We decided to go back to the hotel, drop off our stuff, and take advantage of the rooftop pool before going out for the night. It was dark when we got up there, and there was only one couple out on the pool deck, not even swimming. They hung around for a bit, then left. Another couple came in and lingered for a while, clearly also wanting the pool to themselves. I guess we got lucky! We swam for an hour or so, then went back to the room and changed for more New Orleans adventure.
Back in the Quarter, we stopped in at Arnaud’s French 75 for their famous cocktail. We were thrilled to have the same bartender who was featured in the article where we’d first learned of the place, and he was fantastic.
We were planning to go to a reggae show at Cafe Negril, so we decided to head that direction. It was a long walk, so of course we had to stop in at one of the thousand-or-so Mango Mango shops for a to-go drink.

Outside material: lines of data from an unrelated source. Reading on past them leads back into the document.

(* Let $s,t$ be real numbers. Then $\det U_4^{(rc)} = 3s^2t^2$, $\det U_5^{(rc)} = s^4t + 4s^2t^3$, and for every $n \geq 6$, $$\det U_n^{(rc)} = t\,\det U_{n-1}^{(rc)} + s^2 \det U_{n-2}^{(rc)}.$$
   Context: For $n\ge 1$, $U_n=U_n(s,t)$ is the $n\times n$ upper Hessenberg matrix with subdiagonal entries $a_{i+1,i}=s$, $a_{ij}=0$ for $i>j+1$, $a_{ij}=t$ if $j\ge i$ and $j-i$ is even, and $a_{ij}=0$ if $j>i$ and $j-i$ is odd. For $n\ge 4$, let $X_n$ be the matrix obtained from $U_n$ by replacing the $(1,1)$ entry by $s$, the $(2,1)$ entry by $t$, the $(n,n-1)$ entry by $t$ and the $(n,n)$ entry by $s$. Let $P_n^{(r)}$ be the $n\times n$ identity matrix with its first two rows interchanged and $P_n^{(c)}$ the $n\times n$ identity matrix with its last two columns interchanged, and define $U_n^{(rc)} = P_n^{(r)} X_n P_n^{(c)}$ (an upper Hessenberg matrix with subdiagonal entries $s$ and upper triangular entries in $\{0,t\}$). *)

theory Defs
  imports "Jordan_Normal_Form.Determinant"
begin

(* Matrices are 0-indexed in Jordan_Normal_Form: paper entry (i,j) is our (i-1,j-1). *)

definition U :: "nat \<Rightarrow> real \<Rightarrow> real \<Rightarrow> real mat" where
  "U n s t = mat n n (\<lambda>(i,j).
      if i = j + 1 then s
      else if i > j + 1 then 0
      else if even (j - i) then t else 0)"

definition X :: "nat \<Rightarrow> real \<Rightarrow> real \<Rightarrow> real mat" where
  "X n s t = mat n n (\<lambda>(i,j).
      if (i,j) = (0,0) then s
      else if (i,j) = (1,0) then t
      else if (i,j) = (n-1,n-2) then t
      else if (i,j) = (n-1,n-1) then s
      else U n s t $$ (i,j))"

definition Pr :: "nat \<Rightarrow> real mat" where
  "Pr n = mat n n (\<lambda>(i,j). if j = Transposition.transpose 0 1 i then 1 else 0)"

definition Pc :: "nat \<Rightarrow> real mat" where
  "Pc n = mat n n (\<lambda>(i,j). if i = Transposition.transpose (n-2) (n-1) j then 1 else 0)"

definition Urc :: "nat \<Rightarrow> real \<Rightarrow> real \<Rightarrow> real mat" where
  "Urc n s t = Pr n * X n s t * Pc n"

end

theory Submission imports Defs begin

text \<open>
  Both permutation matrices are transpositions, so \<open>det (Urc n) = det (X n)\<close>.
  Since \<open>X n\<close> is upper Hessenberg and, for \<open>j \<ge> 1\<close>, its column \<open>j + 2\<close> agrees with
  column \<open>j\<close> in rows \<open>0..j\<close>, expanding along the last row and then along the last row of the
  resulting minor expresses the determinant through the two preceding leading principal
  minors. For the leading blocks \<open>W k\<close> of \<open>X n\<close> this gives
  \<open>det (W k) = t det (W (k-1)) + s\<^sup>2 det (W (k-2))\<close> for \<open>k \<ge> 4\<close>, while the modified
  last row yields \<open>det (X n) = s det (W (n-1)) + s t det (W (n-2))\<close>. The recurrence for
  \<open>W\<close> is linear, hence inherited by \<open>det (X n)\<close> as soon as \<open>n - 2 \<ge> 4\<close>.
\<close>

lemma det_mat_two_step_expansion:
  fixes f :: "nat \<times> nat \<Rightarrow> 'a::comm_ring_1"
  assumes last_row: "\<And>j. j \<le> m \<Longrightarrow> f (m+2, j) = 0"
    and row_before_last: "\<And>j. j < m \<Longrightarrow> f (m+1, j) = 0"
    and "f (m+1, m+2) = 0"
    and last_column: "\<And>i. i \<le> m \<Longrightarrow> f (i, m+2) = f (i, m)"
  shows "det (mat (m+3) (m+3) f) = f (m+2,m+2) * det (mat (m+2) (m+2) f)
          + f (m+2,m+1) * f (m+1,m) * det (mat (m+1) (m+1) f)"
proof -
  let ?A = "mat (m+3) (m+3) f"
  let ?N = "mat_delete ?A (m+2) (m+1)"
  have minor_last: "mat_delete ?A (m+2) (m+2) = mat (m+2) (m+2) f"
    by (rule eq_matI) (auto simp: mat_delete_def)
  have minor_N: "mat_delete ?N (m+1) m = mat (m+1) (m+1) f"
  proof (rule eq_matI)
    fix i j assume "i < dim_row (mat (m+1) (m+1) f)" "j < dim_col (mat (m+1) (m+1) f)"
    then show "mat_delete ?N (m+1) m $$ (i, j) = mat (m+1) (m+1) f $$ (i, j)"
      using last_column[of i] by (cases "j = m") (auto simp: mat_delete_def)
  qed auto
  have N_carrier: "?N \<in> carrier_mat (m+2) (m+2)" by (auto simp: mat_delete_def)
  have "det ?N = (\<Sum>j<m+2. ?N $$ (m+1,j) * cofactor ?N (m+1) j)"
    by (rule laplace_expansion_row[OF N_carrier]) simp
  also have "\<dots> = (\<Sum>j<m. ?N $$ (m+1,j) * cofactor ?N (m+1) j)
       + ?N $$ (m+1,m) * cofactor ?N (m+1) m + ?N $$ (m+1,m+1) * cofactor ?N (m+1) (m+1)"
    by (simp add: numeral_2_eq_2)
  also have "(\<Sum>j<m. ?N $$ (m+1,j) * cofactor ?N (m+1) j) = 0"
    by (rule sum.neutral) (auto simp: mat_delete_def row_before_last[simplified])
  also have "?N $$ (m+1,m) = f (m+1,m)" by (simp add: mat_delete_def)
  also have "?N $$ (m+1,m+1) = 0" using assms(3) by (simp add: mat_delete_def)
  finally have det_N: "det ?N = - f (m+1,m) * det (mat (m+1) (m+1) f)"
    unfolding cofactor_def minor_N by (simp add: power_add)
  have "det ?A = (\<Sum>j<m+3. ?A $$ (m+2,j) * cofactor ?A (m+2) j)"
    by (rule laplace_expansion_row) auto
  also have "\<dots> = (\<Sum>j<Suc m. ?A $$ (m+2,j) * cofactor ?A (m+2) j)
       + ?A $$ (m+2,m+1) * cofactor ?A (m+2) (m+1) + ?A $$ (m+2,m+2) * cofactor ?A (m+2) (m+2)"
    by (simp add: numeral_3_eq_3)
  also have "(\<Sum>j<Suc m. ?A $$ (m+2,j) * cofactor ?A (m+2) j) = 0"
    by (rule sum.neutral) (auto simp: last_row[simplified])
  also have "?A $$ (m+2,m+1) = f (m+2,m+1)" by simp
  also have "?A $$ (m+2,m+2) = f (m+2,m+2)" by simp
  finally show ?thesis
    unfolding cofactor_def minor_last det_N by (simp add: power_add algebra_simps)
qed

lemma det_mat_2:
  "det (mat 2 2 f) = f (0,0) * f (1,1) - f (0,1) * (f (1,0) :: 'a :: comm_ring_1)"
proof -
  have "det (mat 2 2 f) = (\<Sum>j<2. mat 2 2 f $$ (0,j) * cofactor (mat 2 2 f) 0 j)"
    by (rule laplace_expansion_row) auto
  then show ?thesis
    by (simp add: numeral_2_eq_2 cofactor_def mat_delete_def det_single)
qed

lemma det_mat_3:
  "det (mat 3 3 f) = f (0,0) * (f (1,1) * f (2,2) - f (1,2) * f (2,1))
   - f (0,1) * (f (1,0) * f (2,2) - f (1,2) * f (2,0))
   + f (0,2) * (f (1,0) * f (2,1) - f (1,1) * (f (2,0) :: 'a :: comm_ring_1))"
proof -
  have minor_0: "mat_delete (mat 3 3 f) 0 0
      = mat 2 2 (\<lambda>(i,j). f (if i = 0 then 1 else 2, if j = 0 then 1 else 2))"
    by (rule eq_matI) (auto simp: mat_delete_def less_Suc_eq numeral_2_eq_2)
  have minor_1: "mat_delete (mat 3 3 f) 0 1
      = mat 2 2 (\<lambda>(i,j). f (if i = 0 then 1 else 2, if j = 0 then 0 else 2))"
    by (rule eq_matI) (auto simp: mat_delete_def less_Suc_eq numeral_2_eq_2)
  have minor_2: "mat_delete (mat 3 3 f) 0 2
      = mat 2 2 (\<lambda>(i,j). f (if i = 0 then 1 else 2, if j = 0 then 0 else 1))"
    by (rule eq_matI) (auto simp: mat_delete_def less_Suc_eq numeral_2_eq_2)
  have "det (mat 3 3 f) = (\<Sum>j<3. mat 3 3 f $$ (0,j) * cofactor (mat 3 3 f) 0 j)"
    by (rule laplace_expansion_row) auto
  also have "\<dots> = f (0,0) * cofactor (mat 3 3 f) 0 0 + f (0,1) * cofactor (mat 3 3 f) 0 1
     + f (0,2) * cofactor (mat 3 3 f) 0 2"
    by (simp add: lessThan_Suc numeral_3_eq_3 numeral_2_eq_2 add.commute)
  finally show ?thesis
    unfolding cofactor_def minor_0 minor_1 minor_2 det_mat_2 by (simp add: algebra_simps)
qed

text \<open>The entries of \<open>X n\<close> outside its last row, which do not depend on \<open>n\<close>.\<close>

definition X_entry :: "real \<Rightarrow> real \<Rightarrow> nat \<times> nat \<Rightarrow> real" where
  "X_entry s t = (\<lambda>(i,j).
      if (i,j) = (0,0) then s
      else if (i,j) = (1,0) then t
      else if i = j + 1 then s
      else if i > j + 1 then 0
      else if even (j - i) then t else 0)"

lemma det_X_entry_2: "det (mat 2 2 (X_entry s t)) = s * t"
  by (simp add: det_mat_2 X_entry_def)

lemma det_X_entry_3: "det (mat 3 3 (X_entry s t)) = 2 * s * t^2"
  by (simp add: det_mat_3 X_entry_def power2_eq_square)

lemma det_X_entry_recurrence:
  assumes "4 \<le> n"
  shows "det (mat n n (X_entry s t)) = t * det (mat (n-1) (n-1) (X_entry s t))
          + s^2 * det (mat (n-2) (n-2) (X_entry s t))"
proof -
  obtain m where n: "n = m + 3" and "1 \<le> m"
    using assms by (intro that[of "n - 3"]) auto
  have "det (mat (m+3) (m+3) (X_entry s t))
      = X_entry s t (m+2,m+2) * det (mat (m+2) (m+2) (X_entry s t))
        + X_entry s t (m+2,m+1) * X_entry s t (m+1,m) * det (mat (m+1) (m+1) (X_entry s t))"
    by (rule det_mat_two_step_expansion)
      (use \<open>1 \<le> m\<close> in \<open>auto simp: X_entry_def Suc_diff_le\<close>)
  then show ?thesis
    using \<open>1 \<le> m\<close> by (simp add: n X_entry_def power2_eq_square)
qed

lemma det_X:
  assumes "4 \<le> n"
  shows "det (X n s t) = s * det (mat (n-1) (n-1) (X_entry s t))
          + s * t * det (mat (n-2) (n-2) (X_entry s t))"
proof -
  obtain m where n: "n = m + 3" and "1 \<le> m"
    using assms by (intro that[of "n - 3"]) auto
  define h where "h = (\<lambda>(i,j). if (i,j) = (m+2,m+1) then t
     else if (i,j) = (m+2,m+2) then s else X_entry s t (i,j))"
  have X_eq: "X n s t = mat (m+3) (m+3) h"
    by (rule eq_matI) (auto simp: n h_def X_def U_def X_entry_def)
  have leading_blocks: "mat k k h = mat k k (X_entry s t)" if "k \<le> m + 2" for k
    by (rule eq_matI) (use that in \<open>auto simp: h_def\<close>)
  have h_last: "h (m+2,m+2) = s" "h (m+2,m+1) = t" "h (m+1,m) = s"
    using \<open>1 \<le> m\<close> by (auto simp: h_def X_entry_def)
  have "det (X n s t) = h (m+2,m+2) * det (mat (m+2) (m+2) h)
          + h (m+2,m+1) * h (m+1,m) * det (mat (m+1) (m+1) h)"
    unfolding X_eq by (rule det_mat_two_step_expansion)
      (use \<open>1 \<le> m\<close> in \<open>auto simp: h_def X_entry_def Suc_diff_le\<close>)
  then show ?thesis
    unfolding h_last by (simp add: leading_blocks n algebra_simps)
qed

lemma Pr_eq_swaprows_mat: "Pr n = swaprows_mat n 0 1"
  by (rule eq_matI) (auto simp: Pr_def Transposition.transpose_def)

lemma Pc_eq_swaprows_mat: "Pc n = swaprows_mat n (n-2) (n-1)"
  by (rule eq_matI) (auto simp: Pc_def Transposition.transpose_def)

lemma det_Urc_eq_det_X:
  assumes "2 \<le> n"
  shows "det (Urc n s t) = det (X n s t)"
proof -
  have X: "X n s t \<in> carrier_mat n n" by (simp add: X_def)
  have P: "Pr n \<in> carrier_mat n n" "Pc n \<in> carrier_mat n n"
    by (simp_all add: Pr_eq_swaprows_mat Pc_eq_swaprows_mat)
  have "det (Pr n) = -1" "det (Pc n) = -1"
    unfolding Pr_eq_swaprows_mat Pc_eq_swaprows_mat
    by (rule det_swaprows_mat; use assms in auto)+
  moreover have "det (Urc n s t) = det (Pr n) * det (X n s t) * det (Pc n)"
    unfolding Urc_def by (simp add: det_mult[OF mult_carrier_mat[OF P(1) X] P(2)] det_mult[OF P(1) X])
  ultimately show ?thesis by simp
qed

theorem proposition4p3:
  fixes s t :: real
  shows "det (Urc 4 s t) = 3 * s^2 * t^2
       \<and> det (Urc 5 s t) = s^4 * t + 4 * s^2 * t^3
       \<and> (\<forall>n\<ge>6. det (Urc n s t) = t * det (Urc (n-1) s t) + s^2 * det (Urc (n-2) s t))"
proof -
  define W where "W k = det (mat k k (X_entry s t))" for k
  have Urc: "det (Urc n s t) = s * W (n-1) + s * t * W (n-2)" if "4 \<le> n" for n
    using that by (simp add: W_def det_Urc_eq_det_X det_X)
  have W_rec: "W n = t * W (n-1) + s^2 * W (n-2)" if "4 \<le> n" for n
    using that by (simp add: W_def det_X_entry_recurrence)
  have W2: "W 2 = s * t" and W3: "W 3 = 2 * s * t^2"
    by (simp_all add: W_def det_X_entry_2 det_X_entry_3)
  have W4: "W 4 = 2 * s * t^3 + s^3 * t"
    using W_rec[of 4] W2 W3 by (simp add: power2_eq_square power3_eq_cube algebra_simps)
  have "det (Urc n s t) = t * det (Urc (n-1) s t) + s^2 * det (Urc (n-2) s t)" if "6 \<le> n" for n
    using that Urc[of n] Urc[of "n-1"] Urc[of "n-2"] W_rec[of "n-1"] W_rec[of "n-2"]
    by (simp add: algebra_simps numeral_eq_Suc)
  moreover have "det (Urc 4 s t) = 3 * s^2 * t^2" "det (Urc 5 s t) = s^4 * t + 4 * s^2 * t^3"
    using Urc[of 4] Urc[of 5] W2 W3 W4 by (simp_all add: power2_eq_square power3_eq_cube
        power4_eq_xxxx algebra_simps)
  ultimately show ?thesis by blast
qed

end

We got to Cafe Negril shortly before midnight and found it crowded, but not terrible; we were able to get seats at the bar to watch the show, at least.
When we emerged from the bar after the show, we found a crowd gathered around a brass band who’d just set up on Frenchmen. They’d come from Jazz Fest, and just picked a street corner to play on afterwards. Have I mentioned that New Orleans is awesome?? I loved it.
Even though it was a very long way to our hotel, we decided to walk it and see what was up in the French Quarter. We wandered into Pat O’Brien’s around 2am, expecting some kind of fratboy disaster, but found the back bar to be very relaxed. The bartender was great, too, and we noticed that the drinks were actually priced cheaper in that bar than in the courtyard.
After our drinks there, we went over to Chris Owens’. I’m not sure what compelled us to go in there in the first place (I’m sure it was my idea, because of the blaring dance music), because the place was neon-lit inside even in the middle of the night, and was mostly empty. We got drinks, though, and sat on a couch watching the highly entertaining people on the dance floor. Also, Matt saw a rat run across the bar. So yeah. We’ll probably just enjoy Chris Owens from the outside next time.
We got back to the hotel around 3:30am, this time sans morning beer.